In total, Ross co-wrote or wrote three books on economics, articles for the New York Review of Books and The New York Times, and a popular compendium of the best of everything from pizzas to police precincts called The Best.

== Death ==
Ross's life unraveled as his mood swings and impatience with himself and the world became uncontrollable. Ross was aware his mental state was deteriorating and aggressively sought out physical solutions for his mental ailments. Convinced his emotional problems had a physical cause, Ross spent a considerable amount of time in medical libraries researching new and unorthodox treatments to cure himself. Among the treatments he tried were elaborate drug regimens, shock treatments, and brain surgery.

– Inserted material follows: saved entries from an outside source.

lemma partition_sum_cons:
  "partition_sum p G (\<lambda>i. if i = 0 then a else v (i - 1)) (Suc M)
     = norm (G (a, v 0)) powr p + partition_sum p G v M"
  unfolding partition_sum_def by (subst sum.lessThan_Suc_shift) simp

lemma is_partition_snoc:
  assumes "is_partition u N a b" "b < c"
  shows "is_partition (u(Suc N := c)) (Suc N) a c"
  using assms by (auto simp: is_partition_def less_Suc_eq)

lemma partition_sum_snoc:
  "partition_sum p G (u(Suc N := c)) (Suc N) = partition_sum p G u N + norm (G (u N, c)) powr p"
  by (simp add: partition_sum_def)

lemma pvar_sums_extend_le:
  assumes "y \<in> pvar_sums p G s' t'" "s \<le> s'" "t' \<le> t"
  shows "\<exists>x\<in>pvar_sums p G s t. y \<le> x"
proof -
  obtain v M where v: "is_partition v M s' t'" and y: "y = partition_sum p G v M"
    using assms(1) by (auto simp: pvar_sums_eq)
  obtain v' M' where v': "is_partition v' M' s t'" and y': "y \<le> partition_sum p G v' M'"
  proof (cases "s = s'")
    case False
    with assms(2) have "s < s'" by simp
    then have "is_partition (\<lambda>i. if i = 0 then s else v (i - 1)) (Suc M) s t'"
      using is_partition_cons[OF v] by simp
    moreover have "y \<le> partition_sum p G (\<lambda>i. if i = 0 then s else v (i - 1)) (Suc M)"
      using partition_sum_cons[of p G s v M] y by simp
    ultimately show ?thesis by (rule that)
  qed (use v y in auto)
  obtain v'' M'' where "is_partition v'' M'' s t" "y \<le> partition_sum p G v'' M''"
  proof (cases "t = t'")
    case False
    with assms(3) have "t' < t" by simp
    then have "is_partition (v'(Suc M' := t)) (Suc M') s t"
      using is_partition_snoc[OF v'] by simp
    moreover have "y \<le> partition_sum p G (v'(Suc M' := t)) (Suc M')"
      using partition_sum_snoc[of p G v' M' t] y' by (simp add: add_increasing2)
    ultimately show ?thesis by (rule that)
  qed (use v' y' in auto)
  then show ?thesis by (auto simp: pvar_sums_eq)
qed
(* Let $G$ be an interval graph and $D_s\neq D_t$ dominating multisets of $G$ with $|D_s|=|D_t|$. Then there exists a minimum-cost matching $M'$ between $D_s$ and $D_t$ such that at least one of the following holds: (i) there are $(u,v)\in M'$ and $u'\in\mathrm{succ}(u,v)$ such that $\mathrm{slide}(D_s,u,u')$ is dominating; (ii) there are $(u,v)\in M'$ and $v'\in\mathrm{succ}(v,u)$ such that $\mathrm{slide}(D_t,v,v')$ is dominating.
   Context: A multiset $H$ of vertices is a function $H:V\to\mathbb{N}\cup\{0\}$; it is dominating if its support $\{v:H(v)\ge1\}$ is a dominating set. $\mathrm{slide}(D,u,w)=(D\setminus\{u\})\cup\{w\}$. $\mathrm{succ}(u,w)$ is the set of vertices following $u$ on some shortest path from $u$ to $w$, with $\mathrm{succ}(u,u)=\emptyset$. A matching between equal-size multisets $D_s,D_t$ is a multiset $M$ on $V\times V$ with exactly $D_s(v)$ pairs $(v,\cdot)$ and $D_t(v)$ pairs $(\cdot,v)$ for each $v$; cost $c(M)=\sum_{(x,y)}d_G(x,y)M(x,y)$; a minimum-cost matching minimizes this cost. (The graph is assumed connected so that costs are finite.) *)

theory Defs
  imports Complex_Main "HOL-Library.Multiset"
begin

definition simple_graph :: "'a set \<Rightarrow> ('a \<Rightarrow> 'a \<Rightarrow> bool) \<Rightarrow> bool" where
  "simple_graph V E \<longleftrightarrow> finite V \<and> (\<forall>u v. E u v \<longrightarrow> u \<in> V \<and> v \<in> V)
     \<and> (\<forall>u v. E u v \<longrightarrow> E v u) \<and> (\<forall>v. \<not> E v v)"
definition rpolyH :: "complex poly \<Rightarrow> rexpr" where
  "rpolyH p = foldr (\<lambda>i acc. RAdd (RMul (RConst (coeff p i)) (rpow RH i)) acc)
                    [0..<Suc (degree p)] (RConst 0)"

definition rsub :: "rexpr \<Rightarrow> rexpr \<Rightarrow> rexpr" where
  "rsub x y = RAdd x (RMul (RConst (-1)) y)"

text \<open>Equality in R = R(f): the smallest congruence containing the axioms of an
  associative C-algebra (scalars central) and the defining relations.\<close>
inductive req :: "complex poly \<Rightarrow> rexpr \<Rightarrow> rexpr \<Rightarrow> bool" for fp where
  refl: "req fp x x"
| sym: "req fp x y \<Longrightarrow> req fp y x"
| trans: "req fp x y \<Longrightarrow> req fp y z \<Longrightarrow> req fp x z"
| cong_add: "req fp a a' \<Longrightarrow> req fp b b' \<Longrightarrow> req fp (RAdd a b) (RAdd a' b')"
| cong_mul: "req fp a a' \<Longrightarrow> req fp b b' \<Longrightarrow> req fp (RMul a b) (RMul a' b')"
| add_assoc: "req fp (RAdd (RAdd x y) z) (RAdd x (RAdd y z))"
| add_comm: "req fp (RAdd x y) (RAdd y x)"
| add_zero: "req fp (RAdd x (RConst 0)) x"
| add_neg: "req fp (RAdd x (RMul (RConst (-1)) x)) (RConst 0)"
| mul_assoc: "req fp (RMul (RMul x y) z) (RMul x (RMul y z))"
| mul_one_l: "req fp (RMul (RConst 1) x) x"
| mul_one_r: "req fp (RMul x (RConst 1)) x"
| distrib_l: "req fp (RMul x (RAdd y z)) (RAdd (RMul x y) (RMul x z))"
| distrib_r: "req fp (RMul (RAdd x y) z) (RAdd (RMul x z) (RMul y z))"
| const_add: "req fp (RConst (a + b)) (RAdd (RConst a) (RConst b))"
| const_mul: "req fp (RConst (a * b)) (RMul (RConst a) (RConst b))"
| const_comm: "req fp (RMul (RConst c) x) (RMul x (RConst c))"
| rel_EF: "req fp (rsub (RMul RE RF) (RMul RF RE)) (rpolyH fp)"
| rel_HE: "req fp (rsub (RMul RH RE) (RMul RE RH)) RE"
| rel_HF: "req fp (rsub (RMul RH RF) (RMul RF RH)) (RMul (RConst (-1)) RF)"

definition central :: "complex poly \<Rightarrow> rexpr \<Rightarrow> bool" where
  "central fp z \<longleftrightarrow> (\<forall>x. req fp (RMul z x) (RMul x z))"

text \<open>An algebra homomorphism xi : Z(R) \<rightarrow> C, given on representatives.\<close>
definition center_char :: "complex poly \<Rightarrow> (rexpr \<Rightarrow> complex) \<Rightarrow> bool" where
  "center_char fp \<xi> \<longleftrightarrow>
     (\<forall>z z'. central fp z \<and> req fp z z' \<longrightarrow> \<xi> z = \<xi> z') \<and>
     \<xi> (RConst 1) = 1 \<and>
     (\<forall>z z'. central fp z \<and> central fp z' \<longrightarrow>
        \<xi> (RAdd z z') = \<xi> z + \<xi> z' \<and> \<xi> (RMul z z') = \<xi> z * \<xi> z') \<and>
     (\<forall>c z. central fp z \<longrightarrow> \<xi> (RMul (RConst c) z) = c * \<xi> z)"

text \<open>An R-module: a complex vector space (type 'v with scalar multiplication s)
  with linear operators e, f, h (actions of E, F, H) satisfying the relations.\<close>

definition polyop :: "(complex \<Rightarrow> 'v \<Rightarrow> 'v) \<Rightarrow> complex poly \<Rightarrow> ('v \<Rightarrow> 'v) \<Rightarrow> 'v \<Rightarrow> 'v::ab_group_add" where
  "polyop s p A v = (\<Sum>i\<le>degree p. s (coeff p i) ((A ^^ i) v))"

definition rmodule :: "complex poly \<Rightarrow> (complex \<Rightarrow> 'v \<Rightarrow> 'v::ab_group_add)
    \<Rightarrow> ('v \<Rightarrow> 'v) \<Rightarrow> ('v \<Rightarrow> 'v) \<Rightarrow> ('v \<Rightarrow> 'v) \<Rightarrow> bool" where
  "rmodule fp s e f h \<longleftrightarrow> vector_space s \<and>
     Vector_Spaces.linear s s e \<and> Vector_Spaces.linear s s f \<and> Vector_Spaces.linear s s h \<and>
     (\<forall>v. e (f v) - f (e v) = polyop s fp h v) \<and>
     (\<forall>v. h (e v) - e (h v) = e v) \<and>
     (\<forall>v. h (f v) - f (h v) = - f v)"

fun ract :: "(complex \<Rightarrow> 'v \<Rightarrow> 'v) \<Rightarrow> ('v \<Rightarrow> 'v) \<Rightarrow> ('v \<Rightarrow> 'v) \<Rightarrow> ('v \<Rightarrow> 'v)
    \<Rightarrow> rexpr \<Rightarrow> 'v \<Rightarrow> 'v::ab_group_add" where
  "ract s e f h RE v = e v"
| "ract s e f h RF v = f v"
| "ract s e f h RH v = h v"
| "ract s e f h (RConst c) v = s c v"
| "ract s e f h (RAdd x y) v = ract s e f h x v + ract s e f h y v"
| "ract s e f h (RMul x y) v = ract s e f h x (ract s e f h y v)"

definition irreducible_rmodule :: "complex poly \<Rightarrow> (complex \<Rightarrow> 'v \<Rightarrow> 'v::ab_group_add)
    \<Rightarrow> ('v \<Rightarrow> 'v) \<Rightarrow> ('v \<Rightarrow> 'v) \<Rightarrow> ('v \<Rightarrow> 'v) \<Rightarrow> bool" where
  "irreducible_rmodule fp s e f h \<longleftrightarrow> rmodule fp s e f h \<and> (\<exists>v. v \<noteq> (0::'v)) \<and>
     (\<forall>W. module.subspace s W \<and> e ` W \<subseteq> W \<and> f ` W \<subseteq> W \<and> h ` W \<subseteq> W
          \<longrightarrow> W = {0} \<or> W = UNIV)"

text \<open>Whittaker vector of type eta, where a = eta(E).\<close>
definition whittaker :: "complex \<Rightarrow> (complex \<Rightarrow> 'v \<Rightarrow> 'v) \<Rightarrow> ('v \<Rightarrow> 'v) \<Rightarrow> 'v \<Rightarrow> bool" where
  "whittaker a s e w \<longleftrightarrow> e w = s a w"

definition rmodule_iso :: "(complex \<Rightarrow> 'v \<Rightarrow> 'v::ab_group_add) \<Rightarrow> ('v \<Rightarrow> 'v) \<Rightarrow> ('v \<Rightarrow> 'v) \<Rightarrow> ('v \<Rightarrow> 'v)
    \<Rightarrow> (complex \<Rightarrow> 'w \<Rightarrow> 'w::ab_group_add) \<Rightarrow> ('w \<Rightarrow> 'w) \<Rightarrow> ('w \<Rightarrow> 'w) \<Rightarrow> ('w \<Rightarrow> 'w)
    \<Rightarrow> ('v \<Rightarrow> 'w) \<Rightarrow> bool" where
  "rmodule_iso s1 e1 f1 h1 s2 e2 f2 h2 \<phi> \<longleftrightarrow>
     Vector_Spaces.linear s1 s2 \<phi> \<and> bij \<phi> \<and>
     (\<forall>v. \<phi> (e1 v) = e2 (\<phi> v) \<and> \<phi> (f1 v) = f2 (\<phi> v) \<and> \<phi> (h1 v) = h2 (\<phi> v))"

end

theory Submission
  imports Defs
begin

text \<open>Choose a polynomial u with u(H) - u(H - 1) = f(H); then the Casimir element
  \<Omega> = FE + u(H) is central. Let w be a nonzero Whittaker vector of an irreducible module
  on which \<Omega> acts by the scalar c. From \<Omega> w = c w we get F w = a\<inverse> (c - u(H)) w, so
  the vectors p(H) w form a submodule on which H, E and F act by
  p \<mapsto> X p,  p \<mapsto> a p(X - 1)  and  p \<mapsto> p(X + 1) a\<inverse> (c - u).
  By irreducibility every vector is of the form p(H) w, and p(H) w determines p: applying E
  turns p(H) w = 0 into a relation for p - p(X - 1), which has lower degree.
  So the module is C[X] with operators depending only on a, f and c, and its Whittaker
  vectors correspond to the polynomials with p(X - 1) = p, i.e. the constants.\<close>

definition req_all :: "rexpr \<Rightarrow> rexpr \<Rightarrow> bool" where
  "req_all x y \<longleftrightarrow> (\<forall>fp. req fp x y)"

text \<open>A quotient type cannot depend on f, so we compute in the quotient by the identities
  valid in every R(f). The relations involving H hold there; the relation EF - FE = f(H) is
  applied separately, in req fp.\<close>

quotient_type ralg = rexpr / req_all
  unfolding req_all_def
  by (auto intro!: equivpI reflpI sympI transpI intro: req.refl req.sym req.trans)

instantiation ralg :: "{ring, monoid_mult}"
begin

lift_definition zero_ralg :: ralg is "RConst 0" .
lift_definition one_ralg :: ralg is "RConst 1" .
lift_definition plus_ralg :: "ralg \<Rightarrow> ralg \<Rightarrow> ralg" is RAdd
  unfolding req_all_def by (auto intro: req.cong_add)
lift_definition times_ralg :: "ralg \<Rightarrow> ralg \<Rightarrow> ralg" is RMul
  unfolding req_all_def by (auto intro: req.cong_mul)
lift_definition uminus_ralg :: "ralg \<Rightarrow> ralg" is "\<lambda>x. RMul (RConst (-1)) x"
  unfolding req_all_def by (auto intro: req.cong_mul req.refl)
lift_definition minus_ralg :: "ralg \<Rightarrow> ralg \<Rightarrow> ralg" is rsub
  unfolding req_all_def rsub_def by (auto intro: req.cong_mul req.cong_add req.refl)
(* Let $L$ be an $r\times m$ matrix of integers of full rank $r$. There exist $\lambda^*>0$ and $p_0$ depending only on $L$ such that for every integer $p\ge p_0$ and every $j/p\in J(L,p)$ we have $\lambda(j)\ge\lambda^*$.
   Context: $\mathbb{T}=\mathbb{R}/\mathbb{Z}$, and $\mathbb{T}^m$ is identified with $[0,1)^m$ with coordinatewise addition mod 1. $\ker_{\mathbb{T}}L=\{x\in\mathbb{T}^m:Lx=0\}$ with normalized Haar probability measure $\mu_L$. For $j\in\mathbb{Z}_p^m$ with coordinates $j(i)\in\{0,\ldots,p-1\}$, $j/p=(j(1)/p,\ldots,j(m)/p)\in\mathbb{T}^m$, and $\lambda(j)=p^{m-r}\mu_L\big((j/p+[0,1/p)^m)\cap\ker_{\mathbb{T}}L\big)$. $J(L,p)=\{j/p:\ j\in\mathbb{Z}_p^m,\ \mu_L\big((j/p+[0,1/p)^m)\cap\ker_{\mathbb{T}}L\big)>0\}$. *)

theory Defs
  imports "HOL-Probability.Probability"
begin

text \<open>The torus T^m = R^m/Z^m is identified with [0,1)^m (coordinates indexed by the
finite type 'm), with coordinatewise addition mod 1.\<close>

definition torus :: "(real^'m) set" where
  "torus = {x. \<forall>i. 0 \<le> x$i \<and> x$i < 1}"

definition tadd :: "real^'m \<Rightarrow> real^'m \<Rightarrow> real^'m" where
  "tadd x y = (\<chi> i. frac (x$i + y$i))"

definition realmat :: "int^'m^'r \<Rightarrow> real^'m^'r" where
  "realmat L = (\<chi> i j. real_of_int (L$i$j))"

definition kerT :: "int^'m^'r \<Rightarrow> (real^'m) set" where
  "kerT L = {x \<in> torus. \<forall>i. (realmat L *v x)$i \<in> \<int>}"

definition haar :: "(real^'m) set \<Rightarrow> (real^'m) measure" where
  "haar K = (THE \<mu>. prob_space \<mu> \<and> sets \<mu> = sets (restrict_space borel K) \<and>
      (\<forall>k\<in>K. \<forall>A\<in>sets \<mu>. emeasure \<mu> {x \<in> K. tadd x k \<in> A} = emeasure \<mu> A))"

abbreviation muL :: "int^'m^'r \<Rightarrow> (real^'m) measure" where
  "muL L \<equiv> haar (kerT L)"

definition gridbox :: "nat \<Rightarrow> nat^'m \<Rightarrow> (real^'m) set" where
  "gridbox p j = {x. \<forall>i. real (j$i) / real p \<le> x$i \<and> x$i < (real (j$i) + 1) / real p}"

definition lam :: "int^'m^'r \<Rightarrow> nat \<Rightarrow> nat^'m \<Rightarrow> real" where
  "lam L p j = real p ^ (CARD('m) - CARD('r)) * measure (muL L) (gridbox p j \<inter> kerT L)"

definition inJ :: "int^'m^'r \<Rightarrow> nat \<Rightarrow> nat^'m \<Rightarrow> bool" where
  "inJ L p j \<longleftrightarrow> (\<forall>i. j$i < p) \<and> measure (muL L) (gridbox p j \<inter> kerT L) > 0"

end

theory Submission
  imports Defs
begin

text \<open>
  Choose \<open>r\<close> columns \<open>S\<close> of \<open>L\<close> forming an invertible minor and let \<open>E\<close> be an integer
  matrix with \<open>L E = d I\<close>, supported on the rows \<open>S\<close> (a signed adjugate of the minor). Then
  \<open>Q = d I - E L\<close> is an integer matrix with \<open>L Q = 0\<close> acting as \<open>d\<close> on the coordinates outside
  \<open>S\<close>, and every point of \<open>ker\<^sub>T L\<close> is \<open>f + Q u mod 1\<close> with \<open>u \<in> T\<^sup>m\<close> and \<open>f\<close> in the finite
  group \<open>F\<close> of the points \<open>E z / d mod 1\<close>, \<open>z \<in> \<int>\<^sup>r\<close>. This parametrisation is a
  homomorphism, so it pushes (uniform on \<open>F\<close>) \<open>\<otimes>\<close> (Lebesgue on \<open>T\<^sup>m\<close>) forward to a translation
  invariant probability measure, which is \<open>\<mu>\<^sub>L\<close>. Hence \<open>\<mu>\<^sub>L\<close>(box \<open>\<inter>\<close> kernel) is an average over
  \<open>f \<in> F\<close> of the Lebesgue measures of the slices \<open>{u. f + Q u \<in> box}\<close>.

  Stretching the \<open>m - r\<close> coordinates outside \<open>S\<close> by \<open>d p\<close> and recording the integer parts
  cuts a slice into affine images of finitely many cells \<open>{w. \<lfloor>(Q w)\<^sub>s\<rfloor> = \<alpha>\<^sub>s for s \<in> S}\<close>, the
  set of relevant \<open>\<alpha>\<close> not depending on \<open>p\<close>, and membership in the box is constant on each
  piece. So a slice of positive measure contains a whole piece, of measure at least
  \<open>c / (d p)^(m - r)\<close> where \<open>c\<close> is the least positive cell measure, and
  \<open>\<lambda>(j) \<ge> c / (|F| d^(m - r))\<close>.
\<close>

definition frac_vec :: "real^'n \<Rightarrow> real^'n" where
  "frac_vec x = (\<chi> i. frac (x$i))"

definition int_vec :: "real^'n \<Rightarrow> bool" where
  "int_vec x \<longleftrightarrow> (\<forall>i. x$i \<in> \<int>)"

lemma int_vec_add [intro]: "int_vec x \<Longrightarrow> int_vec y \<Longrightarrow> int_vec (x + y)"
  and int_vec_uminus [intro]: "int_vec x \<Longrightarrow> int_vec (- x)"
  by (simp_all add: int_vec_def)

lemma int_vec_matrix_vector_mult [intro]:
  "(\<And>a b. A$a$b \<in> \<int>) \<Longrightarrow> int_vec x \<Longrightarrow> int_vec (A *v x)"
  by (simp add: int_vec_def matrix_vector_mult_def Ints_sum)

lemma int_vec_frac_vec_diff [intro]: "int_vec (frac_vec x - x)"
proof -
  have "frac a - a \<in> \<int>" for a :: real
    by (simp add: frac_def)
  then show ?thesis by (simp add: int_vec_def frac_vec_def)
qed

lemma frac_vec_eqI: "int_vec (x - y) \<Longrightarrow> frac_vec x = frac_vec y"
  unfolding int_vec_def frac_vec_def vec_eq_iff
  by (metis frac_add_int_left diff_add_cancel vec_lambda_beta vector_minus_component)

lemma frac_vec_in_torus [simp]: "frac_vec x \<in> torus"
  by (simp add: frac_vec_def torus_def frac_lt_1)

lemma frac_vec_torus [simp]: "x \<in> torus \<Longrightarrow> frac_vec x = x"
  by (simp add: frac_vec_def torus_def vec_eq_iff frac_eq)

lemma tadd_eq_frac_vec: "tadd x y = frac_vec (x + y)"
  by (simp add: tadd_def frac_vec_def)

lemma tadd_commute: "tadd x y = tadd y x"
  by (simp add: tadd_def add.commute)

lemma tadd_in_torus [simp]: "tadd x y \<in> torus"
  by (simp add: tadd_eq_frac_vec)

lemma tadd_right_cancel:
  assumes "x \<in> torus" "y \<in> torus" "tadd x c = tadd y c"
  shows "x = y"
proof -
  have "x$i - y$i \<in> \<int>" for i
    using assms(3) by (auto simp: tadd_def vec_eq_iff elim!: allE[of _ i] frac_eqE)
  moreover have "\<bar>x$i - y$i\<bar> < 1" for i
    using assms(1,2) by (auto simp: torus_def abs_diff_less_iff dest!: spec[of _ i])
  ultimately show ?thesis
    by (metis Ints_nonzero_abs_less1 right_minus_eq vec_eq_iff)
qed

lemma borel_measurable_frac [measurable]: "(frac :: real \<Rightarrow> real) \<in> borel_measurable borel"
  unfolding frac_def by measurable

lemma borel_measurable_vec_nthI:
  fixes f :: "'a \<Rightarrow> real^'n"
  assumes "\<And>i. (\<lambda>x. f x $ i) \<in> borel_measurable M"
  shows "f \<in> borel_measurable M"
proof (subst borel_measurable_euclidean_space, intro ballI)
  fix b :: "real^'n" assume "b \<in> Basis"
  then obtain i where "b = axis i 1" by (auto simp: Basis_vec_def)
  then show "(\<lambda>x. f x \<bullet> b) \<in> borel_measurable M"
    using assms by (simp add: inner_axis)
qed

lemma borel_measurable_frac_vec [measurable]:
  "(frac_vec :: real^'n \<Rightarrow> real^'n) \<in> borel_measurable borel"
  by (rule borel_measurable_vec_nthI) (simp add: frac_vec_def)

lemma borel_measurable_tadd [measurable]:
  assumes "f \<in> borel_measurable M" "g \<in> borel_measurable M"
  shows "(\<lambda>x. tadd (f x) (g x) :: real^'m) \<in> borel_measurable M"
  unfolding tadd_eq_frac_vec using assms by measurable

lemma torus_borel [measurable]: "torus \<in> sets (borel :: (real^'m) measure)"
  unfolding torus_def by measurable

lemma emeasure_lebesgue_torus: "emeasure lebesgue (torus :: (real^'m) set) = 1"
proof -
  let ?one = "\<chi> i. 1 :: real^'m"
  have box: "emeasure lborel (box 0 ?one) = 1" "emeasure lborel (cbox 0 ?one) = 1"
    by (simp_all add: emeasure_lborel_box_eq emeasure_lborel_cbox_eq Basis_vec_def
        inner_axis prod.neutral)
  have "emeasure lborel (box 0 ?one) \<le> emeasure lborel (torus :: (real^'m) set)"
    by (rule emeasure_mono) (auto simp: mem_box_cart torus_def less_imp_le)
  moreover have "emeasure lborel (torus :: (real^'m) set) \<le> emeasure lborel (cbox 0 ?one)"
    by (rule emeasure_mono) (auto simp: mem_box_cart torus_def less_imp_le)
  ultimately show ?thesis by (simp add: box)
qed

lemma emeasure_lebesgue_torus_subset_finite:
  fixes X :: "(real^'m) set"
  shows "X \<subseteq> torus \<Longrightarrow> emeasure lebesgue X = ennreal (measure lebesgue X)"
proof (rule emeasure_eq_ennreal_measure)
  assume "X \<subseteq> torus"
  then have "emeasure lebesgue X \<le> emeasure lebesgue (torus :: (real^'m) set)"
    by (rule emeasure_mono) simp
  then show "emeasure lebesgue X \<noteq> \<top>"
    by (auto simp: emeasure_lebesgue_torus top_unique)
qed

lemma emeasure_lebesgue_translation:
  "emeasure lebesgue ((+) a ` S) = emeasure lebesgue (S :: 'a::euclidean_space set)"
  using emeasure_lebesgue_affine[of 1 a S] by (simp add: add.commute)

lemma tadd_eq_wrap:
  assumes "u \<in> torus" "c \<in> torus"
  shows "tadd u c = u + c - (\<chi> i. if 1 \<le> u$i + c$i then 1 else 0)"
proof -
  have bounds: "0 \<le> u$i \<and> u$i < 1 \<and> 0 \<le> c$i \<and> c$i < 1" for i
    using assms by (auto simp: torus_def)
  have "frac (u$i + c$i) = u$i + c$i - (if 1 \<le> u$i + c$i then 1 else 0)" for i
    using bounds[of i] by (auto simp: frac_unique_iff)
  then show ?thesis by (simp add: tadd_def vec_eq_iff)
qed

lemma torus_wrap_piece_eq:
  fixes X :: "(real^'m) set" and W :: "'m set"
  assumes X: "X \<subseteq> torus" and c: "c \<in> torus"
  defines "wrap \<equiv> \<chi> i. if i \<in> W then 1 else 0"
  shows "{u \<in> torus. tadd u c \<in> X \<and> {i. 1 \<le> u$i + c$i} = W}
    = (+) (wrap - c) ` {v \<in> X. {i. v$i < c$i} = W}"
proof (intro equalityI subsetI)
  have c01: "0 \<le> c$i" "c$i < 1" for i using c by (auto simp: torus_def)
  fix u assume u: "u \<in> {u \<in> torus. tadd u c \<in> X \<and> {i. 1 \<le> u$i + c$i} = W}"
  then have v: "tadd u c = u + c - wrap"
    using tadd_eq_wrap[OF _ c] by (auto simp: wrap_def vec_eq_iff)
  have W: "W = {i. 1 \<le> u$i + c$i}" using u by simp
  have "(tadd u c)$i < c$i \<longleftrightarrow> i \<in> W" for i
  proof -
    have "0 \<le> u$i" "u$i < 1" using u by (auto simp: torus_def)
    then show ?thesis by (auto simp: v W wrap_def)
  qed
  then have "tadd u c \<in> {v \<in> X. {i. v$i < c$i} = W}" using u by auto
  moreover have "u = wrap - c + tadd u c" by (simp add: v)
  ultimately show "u \<in> (+) (wrap - c) ` {v \<in> X. {i. v$i < c$i} = W}" by blast
next
  have c01: "0 \<le> c$i" "c$i < 1" for i using c by (auto simp: torus_def)
  fix u assume "u \<in> (+) (wrap - c) ` {v \<in> X. {i. v$i < c$i} = W}"
  then obtain v where v: "v \<in> X" "{i. v$i < c$i} = W" and u: "u = wrap - c + v" by blast
  have vt: "0 \<le> v$i" "v$i < 1" for i using v X by (auto simp: torus_def)
  have "0 \<le> u$i \<and> u$i < 1 \<and> (i \<in> W \<longleftrightarrow> 1 \<le> u$i + c$i)" for i
    using v vt[of i] c01[of i] by (auto simp: u wrap_def)
  then have "u \<in> torus" "{i. 1 \<le> u$i + c$i} = W"
    by (auto simp: torus_def)
  moreover have "tadd u c = v"
  proof -
    have "tadd u c = frac_vec (v + wrap)" by (simp add: tadd_eq_frac_vec u add.commute)
    also have "\<dots> = frac_vec v" by (rule frac_vec_eqI) (simp add: int_vec_def wrap_def)
    finally show ?thesis using v X by auto
  qed
  ultimately show "u \<in> {u \<in> torus. tadd u c \<in> X \<and> {i. 1 \<le> u$i + c$i} = W}" using v by simp
qed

The surgery, a cingulotomy, was performed at Massachusetts General Hospital and consisted of snipping a circuit in the limbic system. The surgery failed to alleviate his depression.

Those around Ross attempted to intervene and help. His friends lent him money and tried to find him jobs that were better suited for his mental state. In April 1985, Ross moved in with his brother, Daniel, accepting Daniel's and his mother's help. On May 1, 1985, at 39 years, Ross died by suicide in the pool of Capri Motel in Santa Clara, California.

After his death, a psychiatrist who had treated Ross remarked, "the early fame and brilliant success of his youth ruined him. Being a child prodigy is an enormously powerful event that disrupts normal development."

Ross never married and left no children. He is remembered as a "true genius, a sweet, likable, and generous man."